PROBLEM DESCRIPTION. Below are some records; output all of them exactly.

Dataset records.
(* Let $[x]t$ be a normal planar term (NPT) with $R$-coloring $\pi$. Then exactly one of the following cases holds: (i) $[x]t$ is the identity term ($t=x$) and $|\pi| = |\mathrm{ONH}(\pi)| = 1$; (ii) $[x]t = \mathrm{FO}([x_1]t_1,[x_2]t_2)$ for some NPTs $[x_1]t_1$ and $[x_2]t_2$ with $R$-colorings $\pi_1,\pi_2$ such that $|\pi| = |\pi_1|+|\pi_2|$ and $|\mathrm{ONH}(\pi)| = 1 + |\mathrm{ONH}(\pi_1)| + |\mathrm{ONH}(\pi_2)|$; (iii) $[x]t = \mathrm{VO}_k([x_1]t_1)$ for some NPT $[x_1]t_1$ with $R$-coloring $\pi_1$ and some $1\le k\le |\mathrm{ONH}(\pi_1)|$ such that $|\pi| = 1+|\pi_1|$ and $|\mathrm{ONH}(\pi)| = k+1$.
   Context: Lambda skeletons: graded sets $\mathrm{SLam}(i)$, least such that $\_ \in \mathrm{SLam}(1)$; $p\in\mathrm{SLam}(j), q\in\mathrm{SLam}(k)\Rightarrow p(q)\in\mathrm{SLam}(j+k)$; $p\in\mathrm{SLam}(i+1)\Rightarrow \lambda\_.p\in\mathrm{SLam}(i)$. A planar lambda term with ordered list of free variables $\Gamma$ decorating $p$, written $[\Gamma]t\in\Lambda_1^0(p)$, is defined by: $[x]x\in\Lambda_1^0(\_)$; from $[\Gamma]t\in\Lambda_1^0(p)$, $[\Delta]u\in\Lambda_1^0(q)$ infer $[\Gamma,\Delta]t(u)\in\Lambda_1^0(p(q))$; from $[x,\Gamma]t\in\Lambda_1^0(p)$ infer $[\Gamma]\lambda x.t\in\Lambda_1^0(\lambda\_.p)$; terms are considered modulo renaming of variables. Colorings: $\mathrm{SNeu}(i)$ (blue) and $\mathrm{SNF}(i)$ (red) are defined by rules (v) $\_\in\mathrm{SNeu}(1)$; (a) $p\in\mathrm{SNeu}(j)$, $q\in\mathrm{SNF}(k)\Rightarrow p(q)\in\mathrm{SNeu}(j+k)$; (s) $p\in\mathrm{SNeu}(i)\Rightarrow p\in\mathrm{SNF}(i)$; ($\ell$) $p\in\mathrm{SNF}(i+1)\Rightarrow\lambda\_.p\in\mathrm{SNF}(i)$. A $B$-coloring (resp. $R$-coloring) of a term is a derivation of its skeleton in $\mathrm{SNeu}$ (resp. $\mathrm{SNF}$); neutral/normal terms are those having one. The size $|\pi|$ of a coloring $\pi$ is the number of uses of rule (s). An NPT is a normal planar term $[x]t$ with exactly one free variable. Outer neutral handles: a neutral handle of a term is a decomposition of it as a context with one marked occurrence of a neutral subterm, written $C[\langle n\rangle]$. For a neutral or normal planar term $[\Gamma]t$ with coloring $\pi$, the ordered list $\mathrm{ONH}(\pi)$ is defined by induction: if $\pi$ is rule (v) for $[x]x$, $\mathrm{ONH}(\pi)=(\langle x\rangle)$; if $\pi$ ends with rule (a) deriving $[\Gamma,\Delta]t(u)$ from a $B$-coloring $\pi_1$ of $[\Gamma]t$ and an $R$-coloring $\pi_2$ of $[\Delta]u$, then $\mathrm{ONH}(\pi)$ is $\langle t(u)\rangle$, followed by $t(H)$ for each $H$ in $\mathrm{ONH}(\pi_2)$ in order, followed — only when $\Delta$ is empty — by $H(u)$ for each $H$ in $\mathrm{ONH}(\pi_1)$ in order; if $\pi$ ends with rule (s) applied to $\pi_1$, $\mathrm{ONH}(\pi)=\mathrm{ONH}(\pi_1)$; if $\pi$ ends with rule ($\ell$) deriving $[\Gamma]\lambda x.t$ from $\pi_1$ for $[x,\Gamma]t$, $\mathrm{ONH}(\pi)$ is $\lambda x.H$ for each $H$ in $\mathrm{ONH}(\pi_1)$ in order. $|\mathrm{ONH}(\pi)|$ is its length. Operations: $\mathrm{FO}([x_1]t_1,[x_2]t_2)$ is the NPT $[x_1]t_1'$ where $t_1'$ is obtained from $t_1$ by replacing the unique occurrence of $x_1$ by $x_1(\lambda x_2.t_2)$. For an NPT $[x_1]t_1$ with $R$-coloring $\pi_1$ and $1\le k\le|\mathrm{ONH}(\pi_1)|$, if the $k$-th element of $\mathrm{ONH}(\pi_1)$ is $t_1 = C[\langle n\rangle]$, then $\mathrm{VO}_k([x_1]t_1)$ is the NPT $[x]\lambda x_1.C[n(x)]$ for a fresh variable $x$. *)

theory Defs
  imports Main
begin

RESPONSE AREA.
(* Let $[x]t$ be a normal planar term (NPT) with $R$-coloring $\pi$. Then exactly one of the following cases holds: (i) $[x]t$ is the identity term ($t=x$) and $|\pi| = |\mathrm{ONH}(\pi)| = 1$; (ii) $[x]t = \mathrm{FO}([x_1]t_1,[x_2]t_2)$ for some NPTs $[x_1]t_1$ and $[x_2]t_2$ with $R$-colorings $\pi_1,\pi_2$ such that $|\pi| = |\pi_1|+|\pi_2|$ and $|\mathrm{ONH}(\pi)| = 1 + |\mathrm{ONH}(\pi_1)| + |\mathrm{ONH}(\pi_2)|$; (iii) $[x]t = \mathrm{VO}_k([x_1]t_1)$ for some NPT $[x_1]t_1$ with $R$-coloring $\pi_1$ and some $1\le k\le |\mathrm{ONH}(\pi_1)|$ such that $|\pi| = 1+|\pi_1|$ and $|\mathrm{ONH}(\pi)| = k+1$.
   Context: Lambda skeletons: graded sets $\mathrm{SLam}(i)$, least such that $\_ \in \mathrm{SLam}(1)$; $p\in\mathrm{SLam}(j), q\in\mathrm{SLam}(k)\Rightarrow p(q)\in\mathrm{SLam}(j+k)$; $p\in\mathrm{SLam}(i+1)\Rightarrow \lambda\_.p\in\mathrm{SLam}(i)$. A planar lambda term with ordered list of free variables $\Gamma$ decorating $p$, written $[\Gamma]t\in\Lambda_1^0(p)$, is defined by: $[x]x\in\Lambda_1^0(\_)$; from $[\Gamma]t\in\Lambda_1^0(p)$, $[\Delta]u\in\Lambda_1^0(q)$ infer $[\Gamma,\Delta]t(u)\in\Lambda_1^0(p(q))$; from $[x,\Gamma]t\in\Lambda_1^0(p)$ infer $[\Gamma]\lambda x.t\in\Lambda_1^0(\lambda\_.p)$; terms are considered modulo renaming of variables. Colorings: $\mathrm{SNeu}(i)$ (blue) and $\mathrm{SNF}(i)$ (red) are defined by rules (v) $\_\in\mathrm{SNeu}(1)$; (a) $p\in\mathrm{SNeu}(j)$, $q\in\mathrm{SNF}(k)\Rightarrow p(q)\in\mathrm{SNeu}(j+k)$; (s) $p\in\mathrm{SNeu}(i)\Rightarrow p\in\mathrm{SNF}(i)$; ($\ell$) $p\in\mathrm{SNF}(i+1)\Rightarrow\lambda\_.p\in\mathrm{SNF}(i)$. A $B$-coloring (resp. $R$-coloring) of a term is a derivation of its skeleton in $\mathrm{SNeu}$ (resp. $\mathrm{SNF}$); neutral/normal terms are those having one. The size $|\pi|$ of a coloring $\pi$ is the number of uses of rule (s). An NPT is a normal planar term $[x]t$ with exactly one free variable. Outer neutral handles: a neutral handle of a term is a decomposition of it as a context with one marked occurrence of a neutral subterm, written $C[\langle n\rangle]$. For a neutral or normal planar term $[\Gamma]t$ with coloring $\pi$, the ordered list $\mathrm{ONH}(\pi)$ is defined by induction: if $\pi$ is rule (v) for $[x]x$, $\mathrm{ONH}(\pi)=(\langle x\rangle)$; if $\pi$ ends with rule (a) deriving $[\Gamma,\Delta]t(u)$ from a $B$-coloring $\pi_1$ of $[\Gamma]t$ and an $R$-coloring $\pi_2$ of $[\Delta]u$, then $\mathrm{ONH}(\pi)$ is $\langle t(u)\rangle$, followed by $t(H)$ for each $H$ in $\mathrm{ONH}(\pi_2)$ in order, followed — only when $\Delta$ is empty — by $H(u)$ for each $H$ in $\mathrm{ONH}(\pi_1)$ in order; if $\pi$ ends with rule (s) applied to $\pi_1$, $\mathrm{ONH}(\pi)=\mathrm{ONH}(\pi_1)$; if $\pi$ ends with rule ($\ell$) deriving $[\Gamma]\lambda x.t$ from $\pi_1$ for $[x,\Gamma]t$, $\mathrm{ONH}(\pi)$ is $\lambda x.H$ for each $H$ in $\mathrm{ONH}(\pi_1)$ in order. $|\mathrm{ONH}(\pi)|$ is its length. Operations: $\mathrm{FO}([x_1]t_1,[x_2]t_2)$ is the NPT $[x_1]t_1'$ where $t_1'$ is obtained from $t_1$ by replacing the unique occurrence of $x_1$ by $x_1(\lambda x_2.t_2)$. For an NPT $[x_1]t_1$ with $R$-coloring $\pi_1$ and $1\le k\le|\mathrm{ONH}(\pi_1)|$, if the $k$-th element of $\mathrm{ONH}(\pi_1)$ is $t_1 = C[\langle n\rangle]$, then $\mathrm{VO}_k([x_1]t_1)$ is the NPT $[x]\lambda x_1.C[n(x)]$ for a fresh variable $x$. *)

theory Defs
  imports Main
begin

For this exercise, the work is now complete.